By James Shotter and Alex Barker, FT.com
(Financial Times) -- European executive pay has come under attack for the second time in less than a week after Swiss voters overwhelmingly backed curbs on corporate wages that snatch the power away from company boards.
The move comes on the heels of European-wide steps last Thursday to address top management pay, which has been a lightning rod for public anger across the world since the financial crisis.
EU proposals to cap bankers' bonuses at twice their salary have stunned the City of London, with senior bankers warning that the cap will drive top staff to Asia or New York and eventually prompt a shift in operations from London. "This will have consequences," said one high-ranking executive at a leading investment bank in London.
The referendum in Switzerland has introduced an even broader set of curbs after 68 per cent of voters approved rules that include giving shareholders a binding say on executive pay; banning golden hellos and goodbyes; requiring annual re-elections for directors; and threatening criminal sanctions for non-compliance.
Brigitta Moser-Harder, an activist shareholder who spearheaded the yes-campaign together with entrepreneur Thomas Minder, said that the result, one of the most emphatic yes-votes ever in a Swiss referendum, sent a clear signal to companies both within and beyond Switzerland's borders.
"The EU is already capping bankers' bonuses and now the Swiss people has spoken very clearly as well. The message to company boards and managers is: you have to rein in executive pay," she said.
Britain plans to mount a last-ditch attempt to revise the EU bonus cap at a meeting of finance ministers on Tuesday with chancellor George Osborne trying to gather opposition to the proposal. But while Mr Osborne is fighting to change some details, the prospects of a big reversal are slim. An overwhelming majority of EU member states is willing to sign up to the political deal reached with the European parliament, which is part of legislation to enact a sweeping overhaul of bank capital rules.
"It is too late, it is really too late," said one diplomat involved in the talks. "We don't want to stigmatise one member state but we have come to the end of the argument."

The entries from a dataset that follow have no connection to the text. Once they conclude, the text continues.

section \<open>The p-curvature of R\<close>

lemma disc3_nonzero: "(disc3 :: 'k::comm_ring_1 poly3) \<noteq> 0"
proof
  assume "(disc3 :: 'k poly3) = 0"
  then have "Poly_Mapping.lookup (disc3 :: 'k poly3) (Poly_Mapping.single E6 2) = 0"
    by simp
  moreover have "Poly_Mapping.single E4 3 \<noteq> Poly_Mapping.single E6 (2::nat)"
    by (metis lookup_single_eq lookup_single_not_eq var.distinct(5) zero_neq_numeral)
  then have "Poly_Mapping.lookup (disc3 :: 'k poly3) (Poly_Mapping.single E6 2) = -1"
    by (simp add: disc3_def Var3_power lookup_minus lookup_single)
  ultimately show False by simp
qed

lemma pderiv3_E2_disc3_power: "pderiv3 E2 ((disc3 :: 'k::comm_ring_1 poly3) ^ m) = 0"
  by (simp add: disc3_def derivation3.simps[OF derivation3_pderiv3])

lemma funpow_ramanujan_loc_poly:
  "(ramanujan_loc ^^ n) (P, 0) = ((ramanujan ^^ n) P * disc3 ^ n, n)" for P :: "'k::field poly3"
proof (induction n)
  case (Suc n)
  have "ramanujan ((ramanujan ^^ n) P * disc3 ^ n) * disc3
      - of_nat n * ((ramanujan ^^ n) P * disc3 ^ n) * ramanujan disc3
      = (ramanujan ^^ Suc n) P * disc3 ^ Suc n"
  proof -
    have "ramanujan ((ramanujan ^^ n) P * disc3 ^ n) * disc3
        = (ramanujan ^^ n) P * (ramanujan (disc3 ^ n) * disc3) + (ramanujan ^^ Suc n) P * disc3 ^ Suc n"
      by (simp add: derivation3.mult[OF derivation3_ramanujan] algebra_simps)
    then show ?thesis
      by (simp add: derivation3.power_mult[OF derivation3_ramanujan])
  qed
  then show ?case using Suc.IH by (simp add: ramanujan_loc_def)
qed simp

lemma ramanujan_loc_relation_poly:
  fixes G :: "'k::field poly3"
  assumes "\<And>a. loc_eq ((ramanujan_loc ^^ n) a) (loc_mul (G, m) (ramanujan_loc a))"
  shows "(ramanujan ^^ n) P * disc3 ^ m = G * ramanujan P"
proof -
  have "(ramanujan ^^ n) P * disc3 ^ n * disc3 ^ Suc m = G * (ramanujan P * disc3) * disc3 ^ n"
    using assms[of "(P, 0)"]
    by (simp add: funpow_ramanujan_loc_poly loc_eq_def loc_mul_def ramanujan_loc_def)
  then have "((ramanujan ^^ n) P * disc3 ^ m - G * ramanujan P) * disc3 ^ Suc n = 0"
    by (simp add: algebra_simps)
  then show ?thesis by (simp add: disc3_nonzero)
qed

lemma multiplier_equation:
  fixes G :: "'k::field poly3"
  assumes "(12::'k) \<noteq> 0" and "(of_nat n :: 'k) = 0"
    and rel: "\<And>P. (ramanujan ^^ n) P * disc3 ^ m = G * ramanujan P"
  shows "G * weight3 P + pderiv3 E2 G * ramanujan P = 0"
proof -
  have "(ramanujan ^^ n) (pderiv3 E2 P) * disc3 ^ m = pderiv3 E2 ((ramanujan ^^ n) P * disc3 ^ m)"
    by (simp add: derivation3.mult[OF derivation3_pderiv3] pderiv3_E2_disc3_power
        pderiv3_E2_funpow_ramanujan[OF assms(1,2)])
  also have "\<dots> = pderiv3 E2 (G * ramanujan P)"
    by (simp only: rel)
  also have "\<dots> = G * ramanujan (pderiv3 E2 P) + (G * weight3 P + pderiv3 E2 G * ramanujan P)"
    by (simp add: derivation3.mult[OF derivation3_pderiv3] pderiv3_E2_ramanujan[OF assms(1)]
        algebra_simps)
  finally show ?thesis using rel[of "pderiv3 E2 P"] by simp
qed

lemma quartic_form_nonzero:
  assumes "(2::'k::comm_ring_1) \<noteq> 0"
  shows "X2 ^ 2 * X4 - 2 * X2 * X6 + X4 ^ 2 \<noteq> (0 :: 'k poly3)"
proof
  assume "X2 ^ 2 * X4 - 2 * X2 * X6 + X4 ^ 2 = (0 :: 'k poly3)"
  then have "pderiv3 E4 (pderiv3 E4 (X2 ^ 2 * X4 - 2 * X2 * X6 + X4 ^ 2)) = (0 :: 'k poly3)"
    by simp
  then have "(2 :: 'k poly3) = 0"
    by (simp add: derivation3.simps[OF derivation3_pderiv3])
  then have "eval_ones (2 :: 'k poly3) = 0"
    by simp
  then show False
    using assms by simp
qed

lemma multiplier_eq_0:
  fixes G :: "'k::field poly3"
  assumes "(12::'k) \<noteq> 0" and "(of_nat n :: 'k) = 0"
    and "\<And>P. (ramanujan ^^ n) P * disc3 ^ m = G * ramanujan P"
  shows "G = 0"
proof -
  note eq = multiplier_equation[OF assms]
  have "weight3 X2 * ramanujan X4 - weight3 X4 * ramanujan X2
      = const3 (1/12) * const3 (1/3) * (X2 ^ 2 * X4 - 2 * X2 * X6 + X4 ^ 2 :: 'k poly3)"
    by (simp add: weight3_def ramanujan_Var3[OF assms(1)] const3_inverse_12_mult[OF assms(1)]
        algebra_simps power2_eq_square)
  moreover have "G * (weight3 X2 * ramanujan X4 - weight3 X4 * ramanujan X2)
      = ramanujan X4 * (G * weight3 X2 + pderiv3 E2 G * ramanujan X2)
      - ramanujan X2 * (G * weight3 X4 + pderiv3 E2 G * ramanujan X4)"
    by (simp add: algebra_simps)
  ultimately have "G * (const3 (1/12) * const3 (1/3) * (X2 ^ 2 * X4 - 2 * X2 * X6 + X4 ^ 2)) = 0"
    using eq by simp
  then show "G = 0"
    using assms(1) assms(1)[unfolded twelve_nonzero_iff] quartic_form_nonzero[where 'k='k]
    by (simp add: const3_eq_0_iff)
qed

theorem corollary2p5:
  fixes p :: nat
  assumes "CHAR('k::field) = p" and "p \<ge> 5"
  shows "\<not> (\<exists>g :: 'k locfun. \<forall>a :: 'k locfun.
            loc_eq ((ramanujan_loc ^^ p) a) (loc_mul g (ramanujan_loc a)))"
proof
  assume "\<exists>g :: 'k locfun. \<forall>a :: 'k locfun.
            loc_eq ((ramanujan_loc ^^ p) a) (loc_mul g (ramanujan_loc a))"
  then obtain G m where rel:
    "\<And>a :: 'k locfun. loc_eq ((ramanujan_loc ^^ p) a) (loc_mul (G, m) (ramanujan_loc a))"
    by auto
  have char_p: "(of_nat p :: 'k) = 0"
    using assms(1) by (simp add: of_nat_eq_0_iff_char_dvd)
  have "(of_nat k :: 'k) \<noteq> 0" if "0 < k" "k < 5" for k
    using that assms by (auto simp: of_nat_eq_0_iff_char_dvd dest: dvd_imp_le)
  from this[of 2] this[of 3] have "(12::'k) \<noteq> 0"
    by (simp add: twelve_nonzero_iff)
  note poly_rel = ramanujan_loc_relation_poly[OF rel]
  have "G = 0"
    using multiplier_eq_0[OF \<open>12 \<noteq> 0\<close> char_p poly_rel] .
  then have "(ramanujan ^^ p) X2 = (0 :: 'k poly3)"
    using poly_rel[of X2] by (simp add: disc3_nonzero)
  then show False
    using funpow_ramanujan_X2_nonzero[OF \<open>12 \<noteq> 0\<close>] by blast
qed

end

Other EU states are eyeing even more stringent restrictions. The Netherlands, which has been involved in multiple bank rescues, imposed a bonus cap in 2010 and is considering tightening the limit to 20 per cent of salary.
The UK is also introducing reforms to give shareholders a binding vote on pay in October, as well as measures to make remuneration packages more transparent.
The tougher rules in Switzerland have struck a chord with a Swiss public wearied by a string of high-profile corporate mishaps, and had looked likely to pass since news broke two weeks ago that the Swiss pharmaceuticals giant Novartis planned to give its departing chairman a SFr72m pay-off, even though the plans were subsequently dropped.
Despite public anger over such revelations, Switzerland's business establishment has continued to argue vehemently against the new rules, and Ursula Fraefel, who ran the no-campaign, said that the changes marked "a deterioration of what was once a liberal set of rules on corporate governance".
However, Ms Moser-Harder rejected such concerns as "scaremongering".
"Companies will continue to come here. Switzerland still has all sorts of other advantages which make it an attractive place to do business," she said, adding that the curbs elsewhere would make fleeing Switzerland less attractive.
Simonetta Sommaruga, Switzerland's justice minister, said adopting the new rules would be a "serious challenge" for Swiss business, but expressed confidence that the Alpine state's fabled competitiveness would not be undermined.
"Switzerland's appeal doesn't just depend on its corporate laws," she said, citing the country's ability to innovate, its educated population and its quality of life as other important attractions.
The Swiss government has a year to convert the initiative's proposals into law.